= Amos Fortune =

Amos Fortune (c. 1710 – November 1801) was an African-American citizen of Jaffrey, New Hampshire, in the 18th century. Fortune was born in Africa and brought to America as an enslaved person. He was given the name "Amos Fortune" by his masters. He purchased his freedom at the age of 60 and moved to Jaffrey to start a leather tannery business. Documents now archived at the Jaffrey Public Library testify to his literacy, community position, and financial success.

==Purchase of freedom==
The first record of Amos Fortune is an unsigned "freedom paper" dated December 30, 1763. In it, Fortune's owner, Ichabod Richardson, a "tanner of Woburn, in the province of Massachusetts-bay in New England," outlines an agreement with Fortune that at the end of four years, Amos would be "Discharged, Freed, and Set at Liberty from my service power & Command forever...." When Richardson died unexpectedly in 1768, his will contained no mention of Fortune's freedom. Fortune then negotiated with Richardson's heirs to "pay off his bond." He made the last payment in 1770 and subsequently purchased his freedom.

After purchasing his freedom, Fortune continued to live and work in Woburn. He bought land and built a house with help from his first mistress's family. He purchased his first wife from Josiah Bowers of Billerica, but she died within a year of their marriage. On November 9, 1779, Fortune purchased the freedom of a woman named Violet (also spelled Violate, including on her tombstone) from James Baldwin. They were married the next day in Woburn. Violate and Amos adopted a daughter, Celyndia, after they were married.

==Life in Jaffrey==
In 1781, Fortune moved to Jaffrey to establish himself as a tanner. His first home and tannery were at the foot of a hill west of what is now the Jaffrey Center Common (located in the Jaffrey Center Historic District) on land set aside for a yet-to-be-named minister. A year later, Laban Ainsworth was called to be Jaffrey's first minister. Fortune remained on the property, and the two men appeared to have become friends.

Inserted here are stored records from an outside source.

text \<open>A positive semi-definite matrix is a finite sum of rank-one matrices \<open>w w\<^sup>*\<close> (split off one
  column at a time by a Schur complement). Hence a separable \<open>A\<close> is a sum of \<open>u u\<^sup>*\<close> over product
  vectors \<open>u = conj y \<otimes> x\<close>, and \<open>A\<^sup>\<tau>\<close> is the sum of \<open>v v\<^sup>*\<close> over the complex conjugates \<open>v\<close> of their
  partial conjugates. As \<open>\<phi>\<close> is positive, \<open>\<langle>A, \<phi>\<rangle> = 0\<close> exactly when every such \<open>u\<close> lies in
  \<open>P\<^sub>\<phi>\<close>, and a sum of rank-one matrices has full range exactly when its vectors span.

  Pairing \<open>A\<close> with \<open>X \<mapsto> V\<^sup>* X V\<close> gives \<open>(A v | v)\<close> and with \<open>X \<mapsto> W\<^sup>* X\<^sup>t W\<close> gives
  \<open>(A\<^sup>\<tau> conj w | conj w)\<close>, where \<open>v, w\<close> are \<open>V, W\<close> reshaped as vectors. If \<open>A\<close> is in the dual face
  and in the interior of the PPT cone, these terms vanish for all summands of a decomposable \<open>\<phi>\<close>,
  and full range forces every \<open>V, W\<close> to be \<open>0\<close>. Conversely, a nonzero \<open>z\<close> orthogonal to \<open>P\<^sub>\<phi>\<close> (or
  to its partial conjugates) defines such a map that vanishes on the dual face; exposedness makes
  it a positive multiple of \<open>\<phi>\<close>, so \<open>\<phi>\<close> is decomposable.\<close>

section \<open>Inner products and complex conjugation\<close>

lemma cip_add_left: "cip (u + v) w = cip u w + cip v w"
  by (simp add: cip_def sum.distrib algebra_simps)

lemma cip_add_right: "cip w (u + v) = cip w u + cip w v"
  by (simp add: cip_def sum.distrib algebra_simps)

lemma cip_scale_left: "cip (c *s u) w = c * cip u w"
  by (simp add: cip_def sum_distrib_left algebra_simps)

lemma cip_scale_right: "cip u (c *s w) = cnj c * cip u w"
  by (simp add: cip_def sum_distrib_left algebra_simps)

lemma cip_zero_left [simp]: "cip 0 w = 0"
  by (simp add: cip_def)

lemma cnj_cip: "cnj (cip u v) = cip v u"
  by (simp add: cip_def mult.commute)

In 1789, Fortune purchased 25 acres (100,000 m^{2}) at another location on Tyler Brook. The house and barn he built still stand in their original location. The road the house is on is now called Amos Fortune Road.

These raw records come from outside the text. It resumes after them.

(* Let $\Omega,\Pi\subset\mathbb{C}$ be domains and let $f, u : \mathbb{C}\times\mathbb{C} \rightarrow \mathbb{C}$ be analytic in $\Omega \times \Pi$, such that for each $p\in\Pi$, $u(\cdot,p)$ is a polynomial of degree $m$. Suppose further that for each $\pi \in \Pi$ there exist points $z_1,\ldots,z_k \in \Omega$ (with $k$ possibly depending on $\pi$) and analytic functions $u_1,\ldots,u_k : \mathbb{C}\times\mathbb{C} \rightarrow \mathbb{C}$ such that $u_j$ is a Weierstrass polynomial at $(z_j,\pi)$ for each $j$, and $u(\cdot,p) = u_1(\cdot,p)\cdots u_k(\cdot,p)$ for all $p$ in some neighborhood of $\pi$. Then there exist unique analytic functions $g, r : \Omega \times \Pi \rightarrow \mathbb{C}$ such that for each $p \in \Pi$ the function $r(\cdot,p)$ is a polynomial of degree less than $m$, and $$f(z,p) = g(z,p)\,u(z,p) + r(z,p)\quad\text{for all }(z,p)\in\Omega\times\Pi.$$
   Context: A Weierstrass polynomial of degree $k$ is a function $u(z,p) = z^k + \alpha_{k-1}(p) z^{k-1} + \cdots + \alpha_1(p) z + \alpha_0(p)$, where each $\alpha_j:\mathbb{C}\to\mathbb{C}$ is analytic near $0$ and $\alpha_j(0)=0$. A function $v:\mathbb{C}\times\mathbb{C}\to\mathbb{C}$ is a Weierstrass polynomial at $(z_0,p_0)$ if $(z,p)\mapsto v(z+z_0,p+p_0)$ is a Weierstrass polynomial. *)

theory Defs
  imports "HOL-Complex_Analysis.Complex_Analysis" "HOL-Computational_Algebra.Polynomial"
begin

definition analytic2_on :: "(complex \<times> complex \<Rightarrow> complex) \<Rightarrow> (complex \<times> complex) set \<Rightarrow> bool" where
  "analytic2_on f S \<longleftrightarrow>
     (\<forall>w\<in>S. \<exists>e>0. \<exists>a :: nat \<Rightarrow> nat \<Rightarrow> complex.
        \<forall>x. dist x w < e \<longrightarrow>
          ((\<lambda>(i,j). a i j * (fst x - fst w) ^ i * (snd x - snd w) ^ j) has_sum f x) UNIV)"

definition weierstrass_poly :: "(complex \<times> complex \<Rightarrow> complex) \<Rightarrow> bool" where
  "weierstrass_poly u \<longleftrightarrow>
     (\<exists>k::nat. \<exists>\<alpha> :: nat \<Rightarrow> complex \<Rightarrow> complex.
        (\<forall>j<k. \<alpha> j analytic_on {0} \<and> \<alpha> j 0 = 0) \<and>
        (\<forall>z p. u (z, p) = z ^ k + (\<Sum>j<k. \<alpha> j p * z ^ j)))"

definition weierstrass_poly_at :: "(complex \<times> complex \<Rightarrow> complex) \<Rightarrow> complex \<Rightarrow> complex \<Rightarrow> bool" where
  "weierstrass_poly_at v z0 p0 \<longleftrightarrow> weierstrass_poly (\<lambda>(z, p). v (z + z0, p + p0))"

end

theory Submission
  imports Defs "HOL-Computational_Algebra.Fundamental_Theorem_Algebra"
begin

text \<open>For fixed p, \<open>u (-, p)\<close> is a polynomial of degree m whose zeros all lie in Om: they are the
  centres of the Weierstrass factors. So division with remainder by \<open>u (-, p)\<close> is unique, since a
  polynomial of degree below m that is a holomorphic multiple of \<open>u (-, p)\<close> on Om vanishes.
  Existence comes from Weierstrass's integral formula: for small disjoint circles around the
  centres, the quotient is \<open>1 / (2 pi i)\<close> times the sum of the circle integrals of
  \<open>f (\<zeta>, p) / (u (\<zeta>, p) * (\<zeta> - z))\<close> inside the circles, and the remainder is a polynomial whose
  coefficients are circle integrals as well. The zeros of \<open>u (-, p)\<close> stay inside the same circles
  for p near a given p0, so these formulas are continuous in (z, p) and holomorphic in each
  variable. Osgood's lemma turns this into convergent double power series.\<close>

section \<open>Contour integrals depending on a parameter\<close>

lemma continuous_on_contour_integral_circlepath:
  fixes H :: "complex \<Rightarrow> 'a::topological_space \<Rightarrow> complex"
  assumes "0 \<le> s" and cont: "continuous_on (sphere c s \<times> W) (\<lambda>(\<zeta>, w). H \<zeta> w)"
  shows "continuous_on W (\<lambda>w. contour_integral (circlepath c s) (\<lambda>\<zeta>. H \<zeta> w))"
proof -
  have on_sphere: "circlepath c s t \<in> sphere c s" if "t \<in> {0..1}" for t
    using that path_image_circlepath_nonneg[OF \<open>0 \<le> s\<close>, of c] by (auto simp: path_image_def)
  have "continuous_on (W \<times> {0..1}) (\<lambda>x. circlepath c s (snd x))"
    using path_circlepath[of c s] unfolding path_def
    by (rule continuous_on_compose2) (auto intro!: continuous_intros)
  then have "continuous_on (W \<times> {0..1}) (\<lambda>x. (circlepath c s (snd x), fst x))"
    by (intro continuous_on_Pair continuous_on_fst continuous_on_id)
  from continuous_on_compose2[OF cont this]
  have "continuous_on (W \<times> {0..1}) (\<lambda>x. H (circlepath c s (snd x)) (fst x))"
    using on_sphere by fastforce
  then have "continuous_on (W \<times> cbox 0 1)
      (\<lambda>(w, t). H (circlepath c s t) w * vector_derivative (circlepath c s) (at t))"
    unfolding vector_derivative_circlepath box_real case_prod_unfold
    by (intro continuous_on_mult continuous_intros)
  from integral_continuous_on_param[OF this] show ?thesis
    by (simp add: contour_integral_integral box_real)
qed

lemma holomorphic_on_if_Cauchy_integral_formula:
  assumes "open W" and cont: "continuous_on W \<Phi>"
    and cauchy: "\<And>w t v. 0 < t \<Longrightarrow> cball w t \<subseteq> W \<Longrightarrow> v \<in> ball w t \<Longrightarrow>
      contour_integral (circlepath w t) (\<lambda>\<eta>. \<Phi> \<eta> / (\<eta> - v)) = 2 * of_real pi * \<i> * \<Phi> v"
  shows "\<Phi> holomorphic_on W"
proof -
  have "\<Phi> field_differentiable at w" if "w \<in> W" for w
  proof -
    obtain t where t: "0 < t" "cball w t \<subseteq> W"
      using \<open>open W\<close> \<open>w \<in> W\<close> open_contains_cball by blast
    have cont_sphere: "continuous_on (sphere w t) \<Phi>"
      using t sphere_cball by (blast intro: continuous_on_subset[OF cont])
    have "((\<lambda>\<eta>. \<Phi> \<eta> / (\<eta> - v) ^ 1) has_contour_integral (2 * of_real pi * \<i> * \<Phi> v)) (circlepath w t)"
      if "v \<in> ball w t" for v
    proof -
      have "(\<lambda>\<eta>. \<Phi> \<eta> / (\<eta> - v)) contour_integrable_on circlepath w t"
        using that t cont_sphere
        by (intro contour_integrable_continuous_circlepath continuous_intros) (auto simp: dist_commute)
      then show ?thesis
        using cauchy[OF t that] has_contour_integral_integral by fastforce
    qed
    from Cauchy_next_derivative_circlepath(2)[OF _ this, of w] t cont_sphere
    have "(\<lambda>v. 2 * of_real pi * \<i> * \<Phi> v) field_differentiable at w"
      by (auto simp: field_differentiable_def path_image_circlepath_nonneg)
    then have "(\<lambda>v. (2 * of_real pi * \<i> * \<Phi> v) / (2 * of_real pi * \<i>)) field_differentiable at w"
      by (intro field_differentiable_divide field_differentiable_const) auto
    then show ?thesis
      by simp
  qed
  then show ?thesis
    using \<open>open W\<close> by (simp add: holomorphic_on_open field_differentiable_def)
qed

text \<open>The integral satisfies Cauchy's formula on small circles because each \<open>H \<zeta>\<close> does:
  swap the two contour integrals.\<close>

lemma holomorphic_on_contour_integral_circlepath:
  assumes "open W" and "0 < s"
    and cont: "continuous_on (sphere c s \<times> W) (\<lambda>(\<zeta>, w). H \<zeta> w)"
    and hol: "\<And>\<zeta>. \<zeta> \<in> sphere c s \<Longrightarrow> H \<zeta> holomorphic_on W"
  shows "(\<lambda>w. contour_integral (circlepath c s) (\<lambda>\<zeta>. H \<zeta> w)) holomorphic_on W"
proof (rule holomorphic_on_if_Cauchy_integral_formula[OF \<open>open W\<close>])
  define \<Phi> where "\<Phi> w = contour_integral (circlepath c s) (\<lambda>\<zeta>. H \<zeta> w)" for w
  show "continuous_on W \<Phi>"
    unfolding \<Phi>_def using \<open>0 < s\<close> cont by (intro continuous_on_contour_integral_circlepath) auto
  have integrable: "(\<lambda>\<zeta>. H \<zeta> w) contour_integrable_on circlepath c s" if "w \<in> W" for w
  proof -
    have "continuous_on (sphere c s) ((\<lambda>(\<zeta>, w). H \<zeta> w) \<circ> (\<lambda>\<zeta>. (\<zeta>, w)))"
      using that by (intro continuous_on_compose continuous_intros continuous_on_subset[OF cont]) auto
    then show ?thesis
      using \<open>0 < s\<close> by (intro contour_integrable_continuous_circlepath) (simp_all add: o_def)
  qed
  fix w t v assume t: "0 < t" "cball w t \<subseteq> W" and v: "v \<in> ball w t"
  have sphere_W: "sphere w t \<subseteq> W"
    using t sphere_cball by blast
  have cauchy_H: "contour_integral (circlepath w t) (\<lambda>\<eta>. H \<zeta> \<eta> / (\<eta> - v)) = 2 * of_real pi * \<i> * H \<zeta> v"
    if "\<zeta> \<in> sphere c s" for \<zeta>
  proof (rule contour_integral_unique, rule Cauchy_integral_circlepath)
    show "continuous_on (cball w t) (H \<zeta>)" "H \<zeta> holomorphic_on ball w t"
      using hol[OF that] t ball_subset_cball
      by (meson holomorphic_on_imp_continuous_on holomorphic_on_subset order_trans)+
    show "norm (v - w) < t"
      using v by (simp add: dist_norm norm_minus_commute)
  qed
  have "2 * of_real pi * \<i> * \<Phi> v = contour_integral (circlepath c s) (\<lambda>\<zeta>. 2 * of_real pi * \<i> * H \<zeta> v)"
    unfolding \<Phi>_def using v t by (intro contour_integral_lmul[symmetric] integrable) auto
  also have "\<dots> = contour_integral (circlepath c s)
      (\<lambda>\<zeta>. contour_integral (circlepath w t) (\<lambda>\<eta>. H \<zeta> \<eta> / (\<eta> - v)))"
    using \<open>0 < s\<close> cauchy_H by (intro contour_integral_eq) (simp add: path_image_circlepath_nonneg)
  also have "\<dots> = contour_integral (circlepath w t)
      (\<lambda>\<eta>. contour_integral (circlepath c s) (\<lambda>\<zeta>. H \<zeta> \<eta> / (\<eta> - v)))"
  proof (rule contour_integral_swap)
    have "continuous_on (sphere c s \<times> sphere w t) (\<lambda>x. H (fst x) (snd x))"
      using sphere_W by (intro continuous_on_subset[OF cont[unfolded case_prod_unfold]]) auto
    then have "continuous_on (sphere c s \<times> sphere w t) (\<lambda>x. H (fst x) (snd x) / (snd x - v))"
      using v by (intro continuous_intros) (auto simp: dist_commute)
    then show "continuous_on (path_image (circlepath c s) \<times> path_image (circlepath w t))
        (\<lambda>(\<zeta>, \<eta>). H \<zeta> \<eta> / (\<eta> - v))"
      using \<open>0 < s\<close> t by (simp add: path_image_circlepath_nonneg case_prod_unfold)
  qed (simp_all add: vector_derivative_circlepath continuous_intros)
  also have "\<dots> = contour_integral (circlepath w t) (\<lambda>\<eta>. \<Phi> \<eta> / (\<eta> - v))"
    using t sphere_W unfolding \<Phi>_def
    by (intro contour_integral_eq contour_integral_div integrable) (auto simp: path_image_circlepath_nonneg)
  finally show "contour_integral (circlepath w t) (\<lambda>\<eta>. \<Phi> \<eta> / (\<eta> - v)) = 2 * of_real pi * \<i> * \<Phi> v"
    by simp
qed

lemma has_sum_diagonal:
  fixes T :: "nat \<times> nat \<Rightarrow> 'a::{topological_comm_monoid_add,t3_space}"
  assumes "(T has_sum S) UNIV"
  shows "((\<lambda>n. \<Sum>i\<le>n. T (i, n - i)) has_sum S) UNIV"
proof -
  have "bij_betw (\<lambda>(n, i). (i, n - i)) (SIGMA n:UNIV. {..n::nat}) UNIV"
    by (intro bij_betw_byWitness[where f'="\<lambda>(i, j). (i + j, i)"]) auto
  from has_sum_reindex_bij_betw[OF this, of T] assms
  have "((\<lambda>(n, i). T (i, n - i)) has_sum S) (SIGMA n:UNIV. {..n})"
    by (simp add: case_prod_unfold)
  then show ?thesis
    by (rule has_sum_SigmaD) auto
qed

lemma summable_on_geometric_pairs:
  fixes q1 q2 :: real
  assumes "0 \<le> q1" "q1 < 1" "0 \<le> q2" "q2 < 1"
  shows "(\<lambda>(i, j). q1 ^ i * q2 ^ j) summable_on UNIV"
proof -
  have geometric: "((\<lambda>i. q ^ i) has_sum (1 / (1 - q))) UNIV" if "0 \<le> q" "q < 1" for q :: real
    using that by (intro sums_nonneg_imp_has_sum_strong geometric_sums) auto
  have "(\<lambda>i. q1 ^ i * (1 / (1 - q2))) summable_on UNIV"
    using assms by (intro summable_on_cmult_left has_sum_imp_summable[OF geometric])
  moreover have "((\<lambda>j. q1 ^ i * q2 ^ j) has_sum q1 ^ i * (1 / (1 - q2))) UNIV" for i
    using assms by (intro has_sum_cmult_right geometric)
  ultimately have "(\<lambda>x. q1 ^ fst x * q2 ^ snd x) summable_on Sigma UNIV (\<lambda>_. UNIV)"
    using assms by (intro summable_on_SigmaI[where g="\<lambda>i. q1 ^ i * (1 / (1 - q2))"]) auto
  then show ?thesis
    by (simp add: case_prod_unfold)
qed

Fortune's tannery appears to have prospered. He took on at least two apprentices and served clients in Massachusetts and nearby New Hampshire towns. He became a full member of the First Church. Additionally, though a former enslaved person, Fortune was a literate man. In 1797, he was a leading founder in establishing the Social Library, the town's first library. Years later, he was commissioned by this library to rebind a collection of books.

==Death==
Fortune died in November 1801 at the age of 91. He is buried behind the Jaffrey Meetinghouse in the Old Burying Ground. The inventory of his estate testifies to his prosperity. Among the items listed are silver shoe buckles, a silver watch, and a fur coat. Many of the items were sold, and due to the precise details documented, it is known to amount to $770.20. Fortune instructed his executor, Eleazer, to have "hand stones" erected to his wife and himself and to make a "handsome present" to the church. The remaining money, totaling about $233, was given to the town to support Schoolhouse Number 7. This last bequest has evolved into the Amos Fortune Fund and has supported diverse projects, including public speaking contests and special publications. The Jaffrey Public Library now administers the Fund, using the income to develop and distribute educational materials on Amos Fortune.

Violet Fortune died in 1802, one year after her husband, and was buried next to him. Their epitaphs were written by the Reverend Laban Ainsworth:

Sacred
to the memory of
Amos Fortune,
who was born free in Africa,
a slave in America,
he purchased Liberty,
professed Christianity,
lived reputably,
and died hopefully,
November 17, 1801, AEt. 91

Sacred
to the memory of Violate,
by sale the slave of Amos Fortune,
by marriage his wife,
by her fidelity,
his friend and solace,
she died his widow
September 13, 1802, AEt. 73

==Legacy==
Elizabeth Yates wrote a Newbery Medal-winning biographical novel entitled Amos Fortune, Free Man, in 1950. Amos Fortune Day was celebrated on February 20, 1955, created by New Hampshire Governor Lane Dwinell. F. Alexander Magoun's 1964 novel Amos Fortune's Choice is a fictional biography of Fortune's life.

A 1997 short film by Matthew Buckingham, Amos Fortune Road, meditates on the scantness and fragility of the surviving historical record regarding Fortune.

Fortune is featured on a New Hampshire historical marker (number 13) along New Hampshire Route 124 in Jaffrey. The Black Heritage Trail of New Hampshire unveiled a marker honoring Fortune in Jaffrey in 2023.